Best of luck with your puppy training.


----------



## MollyMuiMa (Oct 13, 2012)

I too, think your puppy is in a crate too much of the day! It is not good both mentally or physically. Puppies need to run and play and have a lot of contact with its 'people'. Training and exercise is more than 2 walks a day! If you are worried about your furniture and your vases Etc being ruined, isn't there an area in your home you can gate(with a baby gate)so your pup can have some freedom? Much like a small child, your puppy needs to learn what is right & wrong and like when you have children you also put things away that can be broken until they are taught to be careful. Your puppy should out of the crate from the time you get home from work until the time you go to bed. Training and playing & exercise should be done everyday! There are many good tips on training and exercise in this forum in past threads.


----------



## Pluto (Jul 8, 2012)

Leo's Teddy said:


> Dear all,
> I am also feeding her salmon oil one tea spoon per day. Will salmon oil cause pancreatitis?


Yes, it can, and due to her very small size I would be very cautious about how much oil you give her.

If your 4 lb dog is getting 1 teaspoon of oil a day that is the equivalent ratio of me feeding my 50 lb dog 12.5 teaspoons, or just over 1/4 cup of oil a day. That is a lot of oil for the size of animal. I do not know what is appropriate, but I think you are definitely asking the right questions to be concerned about how much of what type of food goes into her tiny body.


----------



## msminnamouse (Nov 4, 2010)

You can try lamb ears and other natural chews that are lower in fat. Pork skin and ears have a lot of fat. I buy it from the international store to make treats and I always have to melt away the fat and even then, the treats are pretty greasy.


----------



## Lene (Jan 18, 2013)

I don't have any solutions for you, but I think your poodle is a toy, rather than a mini...


----------



## fjm (Jun 4, 2010)

I'd measure the salmon oil in drops rather than teaspoons - it's one of those things where too much can be worse than too little! And I agree that a puppy pen or puppy proofed room would be much better than leaving her in a crate all day long. She needs to be spending lots of time exploring and testing and learning, just like a young child, and too much time bored and snoozing in her crate is not going to help her develop into a well rounded adult. I'd set her up a safe play area, with different toys each day and somewhere secluded to pee and poo, and spend as much time as possible playing with her, walking her, and teaching her in the evenings and at weekends.


----------



## CT Girl (Nov 17, 2010)

I thought you had a mini but as she is 4 pounds at 6 months you may have a toy and I would actually hold off on the salmon oil unless they have a recommended dose for a dog your size. The vet can let you know a safe dosage or advise if you should be giving her this at all. As FJM suggests it is better to err on the side of caution.


----------



## Leo's Teddy (Jan 26, 2013)

Dear all,

thanks for the advice.

i was told that teddy is a miniature poodle. puppies from the same litter have grown much bigger in size. teddy remains small. i am not sure why but she is very healthy and active so i have not thought much about it. she has recently put on weight and looks chubby but her frame is still about the same. most people said it's good that teddy remains small because it's cuter that way and also easier to handle.

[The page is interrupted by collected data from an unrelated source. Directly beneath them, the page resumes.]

(* Let $X$ be a semigroup and $Z\subset X$ a subsemigroup such that $X\setminus Z$ is an ideal in $X$. If $\mathcal A\in\upsilon(Z)\subset\upsilon(X)$ and $\mathcal B\in\upsilon(X)$ satisfy $\mathcal A=\mathcal A*\mathcal B*\mathcal A$, then $\mathcal A=\mathcal A*\mathcal B_Z*\mathcal A$, where $\mathcal B_Z=\{B\in\mathcal B: B\subset Z\}\in\upsilon(Z)$.
   Context: An upfamily on a set $X$ is a family of nonempty subsets of $X$ closed under taking supersets in $X$; $\upsilon(X)$ is the set of all upfamilies, with operation $\mathcal A*\mathcal B=\big\langle \bigcup_{a\in A} a*B_a : A\in\mathcal A,\ \{B_a\}_{a\in A}\subset\mathcal B\big\rangle$, where $\langle\mathcal C\rangle=\{A\subset X:\exists C\in\mathcal C,\ C\subset A\}$. For $Z\subset X$, $\upsilon(Z)$ is identified with the subset $\{\{A\subset X: A\cap Z\in\mathcal F\}:\mathcal F\in\upsilon(Z)\}$ of $\upsilon(X)$ (the image under the map induced by inclusion), i.e. upfamilies on $X$ having a member contained in $Z$ and generated by their members contained in $Z$. A nonempty subset $I$ of a semigroup $X$ is an ideal if $XI\cup IX\subset I$. *)

theory Defs
  imports Main
begin

text \<open>The semigroup X is the carrier type 'a of class semigroup_mult.\<close>

definition upfamily_on :: "'a set \<Rightarrow> 'a set set \<Rightarrow> bool" where
  "upfamily_on X F \<longleftrightarrow> F \<subseteq> Pow X \<and> (\<forall>A\<in>F. A \<noteq> {}) \<and>
     (\<forall>A B. A \<in> F \<longrightarrow> A \<subseteq> B \<longrightarrow> B \<subseteq> X \<longrightarrow> B \<in> F)"

definition gen :: "'a set set \<Rightarrow> 'a set set" where
  "gen C = {A. \<exists>C0\<in>C. C0 \<subseteq> A}"

definition upmul :: "'a::semigroup_mult set set \<Rightarrow> 'a set set \<Rightarrow> 'a set set" where
  "upmul \<A> \<B> = gen {(\<Union>a\<in>A. (\<lambda>b. a * b) ` Bf a) | A Bf. A \<in> \<A> \<and> (\<forall>a\<in>A. Bf a \<in> \<B>)}"

text \<open>Image of an upfamily on Z in the upfamilies on X = UNIV.\<close>
definition embed_up :: "'a set \<Rightarrow> 'a set set \<Rightarrow> 'a set set" where
  "embed_up Z F = {A. A \<inter> Z \<in> F}"

definition in_ups :: "'a set \<Rightarrow> 'a set set \<Rightarrow> bool" where
  "in_ups Z \<A> \<longleftrightarrow> (\<exists>F. upfamily_on Z F \<and> \<A> = embed_up Z F)"

definition sg_ideal :: "'a::semigroup_mult set \<Rightarrow> bool" where
  "sg_ideal I \<longleftrightarrow> I \<noteq> {} \<and> (\<forall>x y. y \<in> I \<longrightarrow> x * y \<in> I \<and> y * x \<in> I)"

definition restr_up :: "'a set \<Rightarrow> 'a set set \<Rightarrow> 'a set set" where
  "restr_up Z \<B> = {B \<in> \<B>. B \<subseteq> Z}"

end

theory Submission
  imports Defs
begin

(*
  Let B_Z be the members of \<B> contained in Z, and B' = embed_up Z B_Z its image
  as an upfamily on X.  Since B' \<subseteq> \<B> and the product of upfamilies is monotone,
  A*B'*A \<subseteq> A*B*A = A.  For the converse, take S \<in> A; then S \<inter> Z \<in> A = A*B*A, so
  S \<inter> Z contains a union of sets a*b*Af(a*b) with a \<in> A0 \<in> A and b \<in> Bf a \<in> \<B>.
  Every Af(a*b) is nonempty, so a*b*d \<in> Z for some d, and as X - Z is an ideal
  this forces b \<in> Z.  Hence all the Bf a already lie in B_Z, which exhibits
  S \<inter> Z as a member of A*B_Z*A \<subseteq> A*B'*A; upward closure then gives S.
*)

lemma upmulI:
  assumes "A0 \<in> \<A>" "\<forall>a\<in>A0. Bf a \<in> \<B>" "(\<Union>a\<in>A0. (\<lambda>b. a * b) ` Bf a) \<subseteq> S"
  shows "S \<in> upmul \<A> \<B>"
  using assms unfolding upmul_def gen_def by blast

lemma upmulE:
  assumes "S \<in> upmul \<A> \<B>"
  obtains A0 Bf where "A0 \<in> \<A>" "\<forall>a\<in>A0. Bf a \<in> \<B>"
    "(\<Union>a\<in>A0. (\<lambda>b. a * b) ` Bf a) \<subseteq> S"
  using assms unfolding upmul_def gen_def by blast

lemma upmul_mono:
  assumes "\<A> \<subseteq> \<A>'" "\<B> \<subseteq> \<B>'"
  shows "upmul \<A> \<B> \<subseteq> upmul \<A>' \<B>'"
proof
  fix S assume "S \<in> upmul \<A> \<B>"
  then obtain A0 Bf where "A0 \<in> \<A>" "\<forall>a\<in>A0. Bf a \<in> \<B>"
      "(\<Union>a\<in>A0. (\<lambda>b. a * b) ` Bf a) \<subseteq> S"
    by (rule upmulE)
  with assms show "S \<in> upmul \<A>' \<B>'" by (intro upmulI[of A0 _ Bf]) auto
qed

lemma upmul_superset:
  assumes "S \<in> upmul \<A> \<B>" "S \<subseteq> T"
  shows "T \<in> upmul \<A> \<B>"
  using assms by (elim upmulE) (rule upmulI, assumption+, blast)

lemma middle_factor_in:
  assumes "sg_ideal (UNIV - Z)" "a * b * d \<in> Z"
  shows "b \<in> Z"
proof (rule ccontr)
  assume "b \<notin> Z"
  then have "a * b \<notin> Z" using assms(1) unfolding sg_ideal_def by blast
  then show False using assms unfolding sg_ideal_def by blast
qed

lemma factor_restrict:
  assumes ideal: "sg_ideal (UNIV - Z)"
    and ne: "\<And>X. X \<in> \<C> \<Longrightarrow> X \<noteq> {}"
    and S: "S \<in> upmul (upmul \<A> \<B>) \<C>" "S \<subseteq> Z"
  shows "S \<in> upmul (upmul \<A> (restr_up Z \<B>)) \<C>"
proof -
  obtain C Af where C: "C \<in> upmul \<A> \<B>" "\<forall>c\<in>C. Af c \<in> \<C>"
      and CS: "(\<Union>c\<in>C. (\<lambda>d. c * d) ` Af c) \<subseteq> S"
    using S(1) by (rule upmulE)
  obtain A0 Bf where A0: "A0 \<in> \<A>" "\<forall>a\<in>A0. Bf a \<in> \<B>"
      and A0C: "(\<Union>a\<in>A0. (\<lambda>b. a * b) ` Bf a) \<subseteq> C"
    using C(1) by (rule upmulE)
  have Bf_in_Z: "Bf a \<subseteq> Z" if a: "a \<in> A0" for a
  proof
    fix b assume b: "b \<in> Bf a"
    then have ab: "a * b \<in> C" using A0C a by blast
    then obtain d where "d \<in> Af (a * b)" using C(2) ne by blast
    then have "a * b * d \<in> Z" using CS ab S(2) by blast
    with ideal show "b \<in> Z" by (rule middle_factor_in)
  qed
  let ?C0 = "\<Union>a\<in>A0. (\<lambda>b. a * b) ` Bf a"
  have "?C0 \<in> upmul \<A> (restr_up Z \<B>)"
    using A0 Bf_in_Z by (intro upmulI[of A0 _ Bf]) (auto simp: restr_up_def)
  moreover have "\<forall>c\<in>?C0. Af c \<in> \<C>" using C(2) A0C by blast
  moreover have "(\<Union>c\<in>?C0. (\<lambda>d. c * d) ` Af c) \<subseteq> S" using CS A0C by blast
  ultimately show ?thesis by (rule upmulI)
qed

lemma restr_up_subset_embed: "restr_up Z \<B> \<subseteq> embed_up Z (restr_up Z \<B>)"
  by (auto simp: restr_up_def embed_up_def Int_absorb2)

lemma embed_restr_subset:
  assumes "upfamily_on UNIV \<B>"
  shows "embed_up Z (restr_up Z \<B>) \<subseteq> \<B>"
  using assms unfolding upfamily_on_def embed_up_def restr_up_def by blast

lemma in_ups_nonempty: "in_ups Z \<A> \<Longrightarrow> X \<in> \<A> \<Longrightarrow> X \<noteq> {}"
  unfolding in_ups_def upfamily_on_def embed_up_def by blast

lemma in_ups_Int: "in_ups Z \<A> \<Longrightarrow> S \<in> \<A> \<Longrightarrow> S \<inter> Z \<in> \<A>"
  unfolding in_ups_def embed_up_def by (auto simp: Int_assoc)

theorem lemma3p3:
  fixes Z :: "'a::semigroup_mult set" and \<A> \<B> :: "'a set set"
  assumes "\<forall>x\<in>Z. \<forall>y\<in>Z. x * y \<in> Z"
    and "sg_ideal (UNIV - Z)"
    and "in_ups Z \<A>"
    and "upfamily_on UNIV \<B>"
    and "\<A> = upmul (upmul \<A> \<B>) \<A>"
  shows "\<A> = upmul (upmul \<A> (embed_up Z (restr_up Z \<B>))) \<A>"
proof
  let ?B' = "embed_up Z (restr_up Z \<B>)"
  have "upmul (upmul \<A> ?B') \<A> \<subseteq> upmul (upmul \<A> \<B>) \<A>"
    using embed_restr_subset[OF assms(4)] by (intro upmul_mono order_refl)
  with assms(5) show "upmul (upmul \<A> ?B') \<A> \<subseteq> \<A>" by simp
  show "\<A> \<subseteq> upmul (upmul \<A> ?B') \<A>"
  proof
    fix S assume "S \<in> \<A>"
    then have SZ: "S \<inter> Z \<in> upmul (upmul \<A> \<B>) \<A>"
      using in_ups_Int[OF assms(3)] assms(5) by simp
    have "S \<inter> Z \<in> upmul (upmul \<A> (restr_up Z \<B>)) \<A>"
      using factor_restrict[OF assms(2) in_ups_nonempty[OF assms(3)] SZ] by blast
    also have "\<dots> \<subseteq> upmul (upmul \<A> ?B') \<A>"
      by (intro upmul_mono order_refl restr_up_subset_embed)
    finally show "S \<in> upmul (upmul \<A> ?B') \<A>"
      by (rule upmul_superset) blast
  qed
qed

end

anyway, when i applied for permit, there isn't a distinction between mini or toy and both are in the same category.


----------



## CT Girl (Nov 17, 2010)

Yes, she must be from mini lines but have a toy size. I just mentioned it because minis weigh more so a little fish oil would not be as big a deal as it is for a dog her size. That is a great size (my Swizzle is 7 pounds) and she sounds healthy and energetic which is all that really matters.


----------



## kontiki (Apr 6, 2013)

I will second or third the idea of tethering your puppy to you as you go about your housework, cooking, etc. That was there won't be any running around getting into things, and there will be plenty of stimulation. I would think this would stop the whining. You asked about chews. My Spoo doesn't like kongs either, or anything else that smells like them. Have you tried antlers? They are natural and for me they have never splintered.


----------